Article | Final Publisher PDF

Abstract:

Hepatosplenic T cell lymphoma (HSTCL) is a distinct and lethal subtype of peripheral T cell lymphoma with an aggressive course and poor outcome despite multiagent chemotherapy. Contradictory literature, an unknown etiology, and poor response to treatment highlight the need to define the malignant process and identify molecular targets with potential for successful therapeutic interventions. Herein, we report that mice homozygously expressing a dominant negative TGFβRII (dnTGFβRII) under the control of the CD4 promoter spontaneously develop lymphoma-like T cell infiltration involving both spleen and liver. Splenomegaly, hepatomegaly and liver dysfunction were observed in homozygous dnTGFβRII mice between 10 weeks and 10 months of age associated with a predominant infiltration of CD4 - CD8 - TCRβ + NK1.1 + or CD8 + TCRβ + NK1.1 - T cell subsets. Notch 1 and c-Myc expression at the mRNA levels were significantly increased and positively correlated with the cell number of lymphoid infiltrates in the liver of dnTGFβRII homozygous compared to hemizygous mice.
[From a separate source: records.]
(* Let $a\ge 4$ and $b\ge 5$ be integers, let $n=a+b-2$, and consider the 2-connected $(a,b)$-puzzle on $V=\{1,\dots,n\}$, i.e. the cycle set consisting of the two cycles $\alpha=(1\ 2\ \dots\ a)$ and $\beta=(a-1\ a\ a+1\ \dots\ n)$. Then any even permutation of $V$ can be generated in $O(n^2)$ shifts; that is, there is an absolute constant $K$ (independent of $a,b$) such that every even permutation of $V$ is a product of at most $Kn^2$ factors, each of which is one of $\alpha,\alpha^{-1},\beta,\beta^{-1}$.
   Context: Permutations are written in cycle notation. A shift along a cycle $(v_1\ \dots\ v_j)$ corresponds to applying the permutation $(v_1\ \dots\ v_j)$ or its inverse to the tokens placed on the vertices of $V$. *)

theory Defs
  imports "HOL-Combinatorics.Combinatorics"
begin

definition puzzle_alpha :: "nat \<Rightarrow> nat \<Rightarrow> nat \<Rightarrow> nat" where
  "puzzle_alpha a b = cycle_of_list [1..<a+1]"

definition puzzle_beta :: "nat \<Rightarrow> nat \<Rightarrow> nat \<Rightarrow> nat" where
  "puzzle_beta a b = cycle_of_list [a-1..<a+b-1]"

definition puzzle_shifts :: "nat \<Rightarrow> nat \<Rightarrow> (nat \<Rightarrow> nat) set" where
  "puzzle_shifts a b = {puzzle_alpha a b, inv (puzzle_alpha a b),
                        puzzle_beta a b, inv (puzzle_beta a b)}"

end

theory Submission
  imports Defs
begin

(*
  The commutators of alpha and beta are products of two disjoint transpositions; conjugating
  them by shifts and multiplying two of the results gives a 3-cycle (a+1 n-1 a-2) as a word of
  bounded length. Conjugating by alpha, which fixes a+1 and n-1, moves the third point around
  alpha, so every 3-cycle (a+1 n-1 w) with w on alpha costs O(a). Products of 3-cycles through
  the common pair a+1, n-1 give every 3-cycle (1 2 w) with w on alpha, and conjugating by beta,
  which fixes 1 and 2, moves w along beta; so each 3-cycle (1 2 w) costs O(n). Finally every
  even permutation p is a product of at most 3n such 3-cycles: at most three of them send a
  moved point x to p x while moving nothing but 1, 2, x and p x, and dividing p by their product
  fixes x without moving any point outside {1, 2} that p fixes.
*)

definition products_upto :: "('a \<Rightarrow> 'a) set \<Rightarrow> nat \<Rightarrow> ('a \<Rightarrow> 'a) set" where
  "products_upto S k = {foldr (\<circ>) fs id | fs. set fs \<subseteq> S \<and> length fs \<le> k}"

lemma products_upto_mono: "k \<le> m \<Longrightarrow> products_upto S k \<subseteq> products_upto S m"
  unfolding products_upto_def by fastforce

lemma id_in_products_upto: "id \<in> products_upto S k"
  unfolding products_upto_def by (rule CollectI, rule exI[of _ "[]"]) simp

lemma generator_in_products_upto: "s \<in> S \<Longrightarrow> s \<in> products_upto S 1"
  unfolding products_upto_def by (rule CollectI, rule exI[of _ "[s]"]) simp

lemma foldr_comp_eq: "foldr (\<circ>) fs g = foldr (\<circ>) fs id \<circ> g"
  by (induction fs) (simp_all add: comp_assoc)

lemma products_upto_comp:
  assumes "p \<in> products_upto S k" "q \<in> products_upto S m"
  shows "p \<circ> q \<in> products_upto S (k + m)"
proof -
  obtain fs gs where "p = foldr (\<circ>) fs id" "set fs \<subseteq> S" "length fs \<le> k"
    "q = foldr (\<circ>) gs id" "set gs \<subseteq> S" "length gs \<le> m"
    using assms unfolding products_upto_def by blast
  moreover have "foldr (\<circ>) (fs @ gs) id = foldr (\<circ>) fs id \<circ> foldr (\<circ>) gs id"
    unfolding foldr_append by (rule foldr_comp_eq)
  ultimately show ?thesis
    unfolding products_upto_def by (intro CollectI exI[of _ "fs @ gs"]) simp
qed

lemma products_upto_conj:
  assumes "g \<in> S" "inv g \<in> S" "t \<in> products_upto S k"
  shows "g \<circ> t \<circ> inv g \<in> products_upto S (k + 2)"
proof -
  have "g \<circ> t \<circ> inv g \<in> products_upto S (1 + k + 1)"
    using assms by (intro products_upto_comp generator_in_products_upto)
  then show ?thesis
    by (simp add: add.commute)
qed

lemma products_upto_products_upto:
  assumes "T \<subseteq> products_upto S c"
  shows "products_upto T k \<subseteq> products_upto S (c * k)"
proof -
  have "foldr (\<circ>) fs id \<in> products_upto S (c * length fs)" if "set fs \<subseteq> T" for fs
    using that
  proof (induction fs)
    case Nil
    show ?case
      using id_in_products_upto by (simp add: id_def)
  next
    case (Cons f fs)
    have "f \<in> products_upto S c"
      using Cons.prems assms by auto
    moreover have "foldr (\<circ>) fs id \<in> products_upto S (c * length fs)"
      using Cons.prems by (intro Cons.IH) simp
    ultimately have "f \<circ> foldr (\<circ>) fs id \<in> products_upto S (c + c * length fs)"
      by (rule products_upto_comp)
    moreover have "foldr (\<circ>) (f # fs) id = f \<circ> foldr (\<circ>) fs id"
      by simp
    ultimately show ?case
      by (simp only: length_Cons mult_Suc_right)
  qed
  note words = this
  show ?thesis
  proof
    fix p assume "p \<in> products_upto T k"
    then obtain fs where "p = foldr (\<circ>) fs id" "set fs \<subseteq> T" "length fs \<le> k"
      unfolding products_upto_def by blast
    moreover have "products_upto S (c * length fs) \<subseteq> products_upto S (c * k)"
      using \<open>length fs \<le> k\<close> by (intro products_upto_mono mult_le_mono2)
    ultimately show "p \<in> products_upto S (c * k)"
      using words by blast
  qed
qed

lemma products_upto_permutes:
  assumes "\<And>s. s \<in> S \<Longrightarrow> s permutes V" "p \<in> products_upto S k"
  shows "p permutes V"
proof -
  obtain fs where "p = foldr (\<circ>) fs id" "set fs \<subseteq> S"
    using assms(2) unfolding products_upto_def by blast
  then show ?thesis
    using assms(1) by (induction fs arbitrary: p) (auto intro: permutes_id permutes_compose)
qed

lemma products_upto_evenperm:
  assumes "\<And>s. s \<in> S \<Longrightarrow> permutation s \<and> evenperm s" "p \<in> products_upto S k"
  shows "permutation p \<and> evenperm p"
proof -
  obtain fs where "p = foldr (\<circ>) fs id" "set fs \<subseteq> S"
    using assms(2) unfolding products_upto_def by blast
  then show ?thesis
    using assms(1) by (induction fs arbitrary: p) (auto simp: permutation_compose evenperm_comp)
qed

lemma cycle_of_list_3_apply:
  "distinct [x, y, z] \<Longrightarrow>
    cycle_of_list [x, y, z] i = (if i = x then y else if i = y then z else if i = z then x else i)"
  by (auto simp: transpose_def)

lemma evenperm_cycle_of_list_3: "distinct [x, y, z] \<Longrightarrow> evenperm (cycle_of_list [x, y, z])"
  by (simp add: evenperm_comp evenperm_swap permutation_swap_id)

lemma cycle_of_list_3_via_pair:
  assumes "distinct [q, r, x, y, w]"
  shows "cycle_of_list [q, r, x] \<circ> cycle_of_list [q, r, y] \<circ> cycle_of_list [q, r, w]
    \<circ> cycle_of_list [q, r, x] \<circ> cycle_of_list [q, r, y] = cycle_of_list [x, y, w]"
proof
  fix i
  consider "i = q" | "i = r" | "i = x" | "i = y" | "i = w" | "i \<notin> {q, r, x, y, w}"
    by auto
  then show "(cycle_of_list [q, r, x] \<circ> cycle_of_list [q, r, y] \<circ> cycle_of_list [q, r, w]
    \<circ> cycle_of_list [q, r, x] \<circ> cycle_of_list [q, r, y]) i = cycle_of_list [x, y, w] i"
    using assms by cases (auto simp: cycle_of_list_3_apply simp del: cycle_of_list.simps)
qed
Further, 2×10 4 isolated lymphoma-like cells transplant disease by adoptive cell transfers. Collectively, our data demonstrate that increased copy number of dnTGFβRII is critical for development of lymphoma-like T cell infiltration.

Copyright information:

© 2012 Zhang et al.

This is an Open Access work distributed under the terms of the Creative Commons Attribution 4.0 International License (https://creativecommons.org/licenses/by/4.0/).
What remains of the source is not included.